Für die Genomforschung könnte 2007 zum Schicksalsjahr werden. Das Fachmagazin Science kürte die Entschlüsselung der genetischen Variabilität des Menschen zum Durchbruch des Jahres. Zu Recht – aber vielleicht in einem anderen Sinn als von Science gemeint. Denn die Ehrung zeigt, wie dünn das Eis ist, auf dem sich die so fundiert gebende Genetik bewegt. Und 2007 könnte als das Jahr in die Geschichte eingehen, in dem ihre Forscher den Boden unter den Füßen verloren.

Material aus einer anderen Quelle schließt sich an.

lemma gap_after_moves:
  assumes P: "set P = {..<m}" and k: "k \<le> length P" and j: "j \<le> k"
  defines "Q \<equiv> take k P @ m # drop k P"
  shows "gap m (rev (drop j Q) @ [Suc m] @ rev (take j Q)) = k - j"
proof -
  have "drop j Q = drop j (take k P) @ m # drop k P"
    using j k by (simp add: Q_def)
  then have order: "rev (drop j Q) @ [Suc m] @ rev (take j Q)
      = rev (drop k P) @ m # rev (drop j (take k P)) @ Suc m # rev (take j Q)"
    by simp
  have "m \<notin> set (rev (drop k P))" using P set_drop_subset[of k P] by auto
  moreover have "Suc m \<notin> set (rev (drop j (take k P)))"
    using P set_drop_subset[of j "take k P"] set_take_subset[of k P] by auto
  ultimately have "gap m (rev (drop k P) @ m # rev (drop j (take k P)) @ Suc m # rev (take j Q))
      = length (rev (drop j (take k P)))"
    by (rule gap_split)
  then show ?thesis using k by (simp only: order) simp
qed

text \<open>[last_rounds_mean can m f P]: the mean of [f(gap)] given the settled
  prefix [P] (nearest instruction first), as a nested truncated-geometric mean:
  the load passes [k] instructions, then the store passes [j] of them.\<close>
definition last_rounds_mean :: "(nat \<Rightarrow> nat \<Rightarrow> bool) \<Rightarrow> nat \<Rightarrow> (nat \<Rightarrow> real) \<Rightarrow> nat list \<Rightarrow> real" where
  "last_rounds_mean can m f P =
     trunc_mean (length (takeWhile (\<lambda>y. can y m) P))
       (\<lambda>k. trunc_mean (length (takeWhile (\<lambda>y. can y (Suc m)) (take k P @ m # drop k P)))
              (\<lambda>j. f (k - j)))"
definition Mf0 :: "('x::finite \<Rightarrow> 'x \<Rightarrow> real) \<Rightarrow> ('z::finite \<Rightarrow> 'z \<Rightarrow> real)
    \<Rightarrow> ('x \<Rightarrow> 'z) \<Rightarrow> real \<Rightarrow> real \<Rightarrow> nat" where
  "Mf0 dX dZ f a b =
     quot_dim (f0 f ` ker_plus dX a \<inter> ker_plus dZ b)
       (subspace_sum (f0 f ` ker_minus dX a \<inter> ker_plus dZ b)
                     (f0 f ` ker_plus dX a \<inter> ker_minus dZ b))"

text \<open>There are no 2-cells, so H_1 = Z_1 = ker of the boundary
  map C_1 -> C_0, boundary e = s e + t e.\<close>
definition cycle_space :: "'e::finite set \<Rightarrow> ('e \<Rightarrow> 'v) \<Rightarrow> ('e \<Rightarrow> 'v) \<Rightarrow> (bit ^ 'e) set" where
  "cycle_space Es s t =
     {v. (\<forall>e. e \<notin> Es \<longrightarrow> v $ e = 0) \<and>
         (\<forall>w. (\<Sum>e\<in>{e\<in>Es. s e = w}. v $ e) + (\<Sum>e\<in>{e\<in>Es. t e = w}. v $ e) = 0)}"

definition graph_H1_dim :: "'e::finite set \<Rightarrow> ('e \<Rightarrow> 'v) \<Rightarrow> ('e \<Rightarrow> 'v) \<Rightarrow> nat" where
  "graph_H1_dim Es s t = vec.dim (cycle_space Es s t)"

text \<open>Vertices: Inl for pi_0(A), Inr (Inl _) for pi_0(C),
  Inr (Inr _) for pi_0(B). Edges: (c, False) = (c, iota c), (c, True) = (c, mu c)
  for c in pi_0(C). iota c = the A-component containing c, i.e. conn A `` c.\<close>
definition GA :: "('x \<Rightarrow> 'x \<Rightarrow> real) \<Rightarrow> ('z \<Rightarrow> 'z \<Rightarrow> real) \<Rightarrow> ('x \<Rightarrow> 'z) \<Rightarrow> real \<Rightarrow> real \<Rightarrow> ('z \<times> 'z) set" where
  "GA dX dZ f a b = img_graph f (VR dX a) \<union> VRm dZ b"
definition GB :: "('x \<Rightarrow> 'x \<Rightarrow> real) \<Rightarrow> ('z \<Rightarrow> 'z \<Rightarrow> real) \<Rightarrow> ('x \<Rightarrow> 'z) \<Rightarrow> real \<Rightarrow> real \<Rightarrow> ('z \<times> 'z) set" where
  "GB dX dZ f a b = img_graph f (VRm dX a) \<union> VR dZ b"
definition GC :: "('x \<Rightarrow> 'x \<Rightarrow> real) \<Rightarrow> ('z \<Rightarrow> 'z \<Rightarrow> real) \<Rightarrow> ('x \<Rightarrow> 'z) \<Rightarrow> real \<Rightarrow> real \<Rightarrow> ('z \<times> 'z) set" where
  "GC dX dZ f a b = img_graph f (VRm dX a) \<union> VRm dZ b"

Vor sieben Jahren hatten Craig Venter und das Humangenomprojekt das menschliche Erbgut entschlüsselt. Nun ist die DNA jedes Einzelnen dran. Erste Firmen bieten ihre Dienste interessierten Privatpersonen an. Die komplette Sequenzierung kostet zwar zwischen 300.000 und einer Millionen Dollar, aber eine abgespeckte Version ist bereits ab 1000 Dollar zu haben. „Früher haben wir in der DNA nach dem gesucht was uns zu Menschen macht, heute suchen wir nach dem Ich“, schreibt Science in der Begründung für seine Entscheidung. Das klingt gut. Aber was haben wir davon?
Genveränderungen, die Diabetes, Herzinfarkte oder Depressionen auslösen – oder auch nicht. Marker, die uns sagen, dass unsere Kinder intelligent, aggressiv oder hyperaktiv sein werden – vielleicht aber auch nicht. Denn meist bestehen die Zusammenhänge lediglich als Korrelationen. Hunderte, wenn nicht gar tausende Faktoren beeinflussen das Ergebnis. Und am Ende kann alles auch ganz anders ausgehen.
Damit hat die Genetik das Ungefähre wieder in die Naturwissenschaften eingeführt. Was umso erstaunlicher ist, weil sie ursprünglich mit dem exakt gegenteiligen Ziel angetreten ist. Ihre Forscher wollten Wahrscheinlichkeit durch Wahrheit ersetzen. Nun entdecken sie, dass gerade in der Wahrscheinlichkeit viel Wahrheit steckt. Genetiker suchten eine neue Einfachheit, entdeckt haben sie Komplexität. Sie haben Allgemeingültiges gesucht und Individualität gefunden.
Noch deutlicher macht dies die relativ neue Erkenntnis, dass das Erbgut sogar auf Umwelteinflüsse wie Ernährung oder länger anhaltenden psychischen Stress reagiert. Veränderungen in der Genaktivität sind die Folge, die sogar vererbt werden können. Wir sind nicht nur, was unsere evolutionären Vorfahren waren, sondern ebenso, was wir aus uns gemacht haben und was unsere Eltern aus sich gemacht haben. Kurz gesagt: Wir sind ziemlich komplex. Damit hat die Genforschung der Naturwissenschaft eine Erkenntnis beschert, für die sie Soziologie und Psychologie lange verlacht hat: dass das Leben nur wenige Sicherheiten zu bieten hat, dafür aber umso mehr Wahrscheinlichkeiten.